I suspect that the problem is only on openqaworker4. After logging in to openqaworker4 with ssh I could see that even tab-completion on ls does not work as there was a report about a "Read-only filesystem". systemctl --failed showed that transactional-update failed. I could also not change any files in /etc. I rebooted and after reboot I could change /etc/openqa/workers.ini to use classes like qemu_x86_64_disabled_poo103581 to not collect any production jobs. Then I restarted the openQA services with systemctl restart openqa-worker-auto-restart@{1..20}. Soon after the system turned read-only again. dmesg shows:

[  676.505576] WARNING: CPU: 20 PID: 3832 at ../fs/btrfs/qgroup.c:2510 btrfs_qgroup_account_extents+0x1a9/0x260 [btrfs]
[  676.505577] Modules linked in: rpcsec_gss_krb5 auth_rpcgss nfsv4 dns_resolver nfs lockd grace sunrpc fscache af_packet iscsi_ibft iscsi_boot_sysfs rfkill dmi_sysfs msr ext4 crc16 mbcache jbd2 intel_rapl_msr iTCO_wdt intel_pmc_bxt iTCO_vendor_support intel_rapl_common sb_edac x86_pkg_temp_thermal intel_powerclamp coretemp kvm_intel kvm irqbypass crc32_pclmul ghash_clmulni_intel raid0 aesni_intel crypto_simd cryptd ixgbe glue_helper intel_wmi_thunderbolt(N) pcspkr xfrm_algo i2c_i801 igb libphy ses mdio mei_me enclosure mei dca lpc_ich ipmi_ssif ipmi_si ipmi_devintf ipmi_msghandler acpi_pad button fuse configfs btrfs libcrc32c xor raid6_pq raid1 md_mod sd_mod ast i2c_algo_bit drm_vram_helper drm_kms_helper syscopyarea sysfillrect sysimgblt fb_sys_fops cec rc_core drm_ttm_helper ttm drm ehci_pci ehci_hcd mpt3sas ahci libahci usbcore nvme libata nvme_core crc32c_intel t10_pi raid_class scsi_transport_sas wmi overlay sg dm_multipath dm_mod scsi_dh_rdac scsi_dh_emc scsi_dh_alua scsi_mod
[  676.505606] Supported: No, Unsupported modules are loaded
[  676.505609] CPU: 20 PID: 3832 Comm: snapperd Tainted: G                  N 5.3.18-59.34-default #1 SLE15-SP3
[  676.505610] Hardware name: Quanta Computer Inc D51B-2U (dual 1G LoM)/S2B-MB (dual 1G LoM), BIOS S2B_3A22 12/09/2015
[  676.505627] RIP: 0010:btrfs_qgroup_account_extents+0x1a9/0x260 [btrfs]

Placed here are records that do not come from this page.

(* Let $t \ge 0$ and consider the three-taxon multispecies coalescent described in the context, with species tree $S$ of topology $AB|C$ and internal branch length $t$. Let $G_1,\dots,G_L$ be the gene trees (topologies and exact coalescence times) of $L$ independent loci. Let $\mathbb{P}_L$ denote the probability that the GLASS/Maximum-Tree method (equivalently, maximum likelihood under the multispecies coalescent) applied to $G_1,\dots,G_L$ fails to output the topology $AB|C$. Then the limit $\alpha_{\mathrm{ML}}(t) = -\lim_{L\to\infty}\frac{1}{L}\ln \mathbb{P}_L$ exists and $$\alpha_{\mathrm{ML}}(t) = t.$$
   Context: Multispecies coalescent, three-taxon case: $S$ is an ultrametric rooted species tree on three species $A,B,C$ with topology $AB|C$, all (haploid) populations of equal size $N$, time measured in units of $N$ generations backwards from the present. Populations are $A,B,C$ (extant), $AB$ (ancestor of $A$ and $B$, from divergence time $\tau_{AB}$ to $\tau_{ABC}$) and $ABC$ (root population, from $\tau_{ABC}$ to $\infty$), with $\tau_{AB}\le\tau_{ABC}$; the internal branch length is $t=\tau_{ABC}-\tau_{AB}$. For each locus one lineage is sampled from each of $A,B,C$ at time $0$; going backwards in time, within each population every pair of lineages present in that population coalesces independently at rate $1$, and lineages entering an ancestral population merge into it. Loci are independent (unlinked). In particular the lineages from $A$ and $B$ fail to coalesce in population $AB$ with probability $e^{-t}$, in which case the three gene-tree topologies are equally likely. Gene trees are assumed known exactly, including coalescence times. GLASS/Maximum Tree: for each pair of species $X,Y$, compute the minimum over loci of the coalescence time of the lineages from $X$ and $Y$ in $G_\ell$; the output topology groups together the pair with the smallest such minimum. Under this model this method coincides with maximum likelihood estimation of the species tree from the gene trees. *)

theory Defs
  imports "HOL-Probability.Probability"
begin

definition exp_M :: "real \<Rightarrow> real measure" where
  "exp_M r = density lborel (exponential_density r)"

definition unif01 :: "real measure" where
  "unif01 = uniform_measure lborel {0..1}"

text \<open>Underlying randomness of one locus:
  x ~ Exp(1): waiting time of the A,B lineages in population AB;
  y ~ Exp(1): waiting time of the (AB) and C lineages in ABC (if A,B coalesced in AB);
  w ~ Exp(3): waiting time of the first coalescence among three lineages in ABC;
  v ~ Exp(1): subsequent waiting time for the last coalescence;
  u ~ U[0,1]: chooses uniformly which of the three pairs coalesces first.\<close>
definition locus_space :: "(real \<times> real \<times> real \<times> real \<times> real) measure" where
  "locus_space = exp_M 1 \<Otimes>\<^sub>M (exp_M 1 \<Otimes>\<^sub>M (exp_M 3 \<Otimes>\<^sub>M (exp_M 1 \<Otimes>\<^sub>M unif01)))"

text \<open>A gene tree is encoded by the pairwise coalescence times (T_AB, T_AC, T_BC)
  (times measured from the present); its topology is determined by these
  (the cherry is the pair with the smallest coalescence time).
  tAB is the divergence time of A and B, t the internal branch length.\<close>
definition gene_tree ::
  "real \<Rightarrow> real \<Rightarrow> real \<times> real \<times> real \<times> real \<times> real \<Rightarrow> real \<times> real \<times> real" where
  "gene_tree tAB t \<omega> = (case \<omega> of (x, y, w, v, u) \<Rightarrow>
     if x < t then (tAB + x, tAB + t + y, tAB + t + y)
     else (let r = tAB + t + w in
           if u < 1/3 then (r, r + v, r + v)
           else if u < 2/3 then (r + v, r, r + v)
           else (r + v, r + v, r)))"

definition locus_measure :: "real \<Rightarrow> real \<Rightarrow> (real \<times> real \<times> real) measure" where
  "locus_measure tAB t = distr locus_space borel (gene_tree tAB t)"

definition loci_measure :: "real \<Rightarrow> real \<Rightarrow> nat \<Rightarrow> (nat \<Rightarrow> real \<times> real \<times> real) measure" where
  "loci_measure tAB t L = PiM {..<L} (\<lambda>_. locus_measure tAB t)"

text \<open>GLASS / Maximum Tree fails to output AB|C: the minimum over loci of the
  AB coalescence time is not strictly smaller than both other minima.\<close>
definition glass_fails :: "nat \<Rightarrow> (nat \<Rightarrow> real \<times> real \<times> real) \<Rightarrow> bool" where
  "glass_fails L g \<longleftrightarrow>
     (let mAB = Min ((\<lambda>l. fst (g l)) ` {..<L});
          mAC = Min ((\<lambda>l. fst (snd (g l))) ` {..<L});
          mBC = Min ((\<lambda>l. snd (snd (g l))) ` {..<L})
      in \<not> (mAB < mAC \<and> mAB < mBC))"

definition fail_prob :: "real \<Rightarrow> real \<Rightarrow> nat \<Rightarrow> real" where
  "fail_prob tAB t L =
     measure (loci_measure tAB t L) {g \<in> space (loci_measure tAB t L). glass_fails L g}"

end

theory Submission
  imports Defs
begin

text \<open>
  The outgroup lineage C almost surely coalesces with A or B only above the root divergence
  \<open>\<tau>\<^sub>A\<^sub>B\<^sub>C = tAB + t\<close>. Hence GLASS can fail only if at no locus do A and B coalesce
  inside the internal branch, an event of probability \<open>e\<^sup>-\<^sup>t\<close> per locus, so
  \<open>\<P>\<^sub>L \<le> e\<^sup>-\<^sup>t\<^sup>L\<close>. Conversely GLASS fails if one locus has the A,C cherry with its
  coalescence within \<open>s\<close> of \<open>\<tau>\<^sub>A\<^sub>B\<^sub>C\<close> while at all other loci A and B coalesce
  above \<open>\<tau>\<^sub>A\<^sub>B\<^sub>C + s\<close>; this has probability
  \<open>c(s) (e\<^sup>-\<^sup>t\<^sup>-\<^sup>3\<^sup>s)\<^sup>L\<^sup>-\<^sup>1\<close>, and letting \<open>s \<rightarrow> 0\<close> pins the rate to \<open>t\<close>.
\<close>

lemma prob_space_exp_M: "0 < r \<Longrightarrow> prob_space (exp_M r)"
  unfolding exp_M_def by (rule prob_space_exponential_density)

lemma sets_exp_M [measurable_cong]: "sets (exp_M r) = sets borel"
  unfolding exp_M_def by simp

lemma space_exp_M [simp]: "space (exp_M r) = UNIV"
  unfolding exp_M_def by simp

lemma measure_exp_M_UNIV [simp]: "0 < r \<Longrightarrow> measure (exp_M r) UNIV = 1"
  using prob_space.prob_space[OF prob_space_exp_M] by simp

lemma distributed_exp_M: "0 < r \<Longrightarrow> distributed (exp_M r) lborel (\<lambda>x. x) (exponential_density r)"
  unfolding distributed_def exp_M_def
  by (auto simp: exponential_density_nonneg intro!: distr_id2)

lemma measure_exp_M_greaterThan:
  assumes "0 < r" "0 \<le> a"
  shows "measure (exp_M r) {a<..} = exp (- a * r)"
proof -
  interpret prob_space "exp_M r" using prob_space_exp_M assms(1) .
  have "{x \<in> space (exp_M r). a < x} = {a<..}" by auto
  then show ?thesis
    using exponential_distributedD_gt[OF distributed_exp_M assms(2,1)] assms(1) by simp
qed

lemma measure_exp_M_atMost:
  assumes "0 < r" "0 \<le> a"
  shows "measure (exp_M r) {..a} = 1 - exp (- a * r)"
proof -
  interpret prob_space "exp_M r" using prob_space_exp_M assms(1) .
  have "{x \<in> space (exp_M r). x \<le> a} = {..a}" by auto
  then show ?thesis
    using exponential_distributedD_le[OF distributed_exp_M assms(2,1)] assms(1) by simp
qed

[  676.505628] Code: 7e 08 49 83 c6 18 4c 89 fa 48 89 ee e8 e0 d0 d2 d3 49 8b 0e 48 85 c9 75 e5 e9 c2 fe ff ff 48 c7 c7 40 2f 71 c0 e8 e5 87 23 d3 <0f> 0b 49 8b 57 18 4d 8d 47 38 45 31 c9 31 c9 31 ff 48 89 ee e8 1e
[  676.505629] RSP: 0018:ffffb5588fc7fce0 EFLAGS: 00010282
[  676.505630] RAX: 0000000000000024 RBX: ffff973ef96f2f50 RCX: 0000000000000000
[  676.505631] RDX: 0000000000000000 RSI: ffff973effb19558 RDI: ffff973effb19558
[  676.505631] RBP: ffff973f816a6000 R08: 0000000000000586 R09: 0000000000000001
[  676.505632] R10: 0000000000000001 R11: 0000000000000001 R12: 0000000000000000
[  676.505632] R13: 00000000000100eb R14: 0000000000000000 R15: ffff973e06292780
[  676.505633] FS:  00007fb3c5567700(0000) GS:ffff973effb00000(0000) knlGS:0000000000000000
[  676.505634] CS:  0010 DS: 0000 ES: 0000 CR0: 0000000080050033
[  676.505634] CR2: 00007fb3c000c000 CR3: 0000003ff29ba004 CR4: 00000000001706e0
[  676.505635] Call Trace:
[  676.505652]  btrfs_commit_transaction+0x52e/0xa60 [btrfs]
[  676.505665]  ? btrfs_attach_transaction_barrier+0x1e/0x50 [btrfs]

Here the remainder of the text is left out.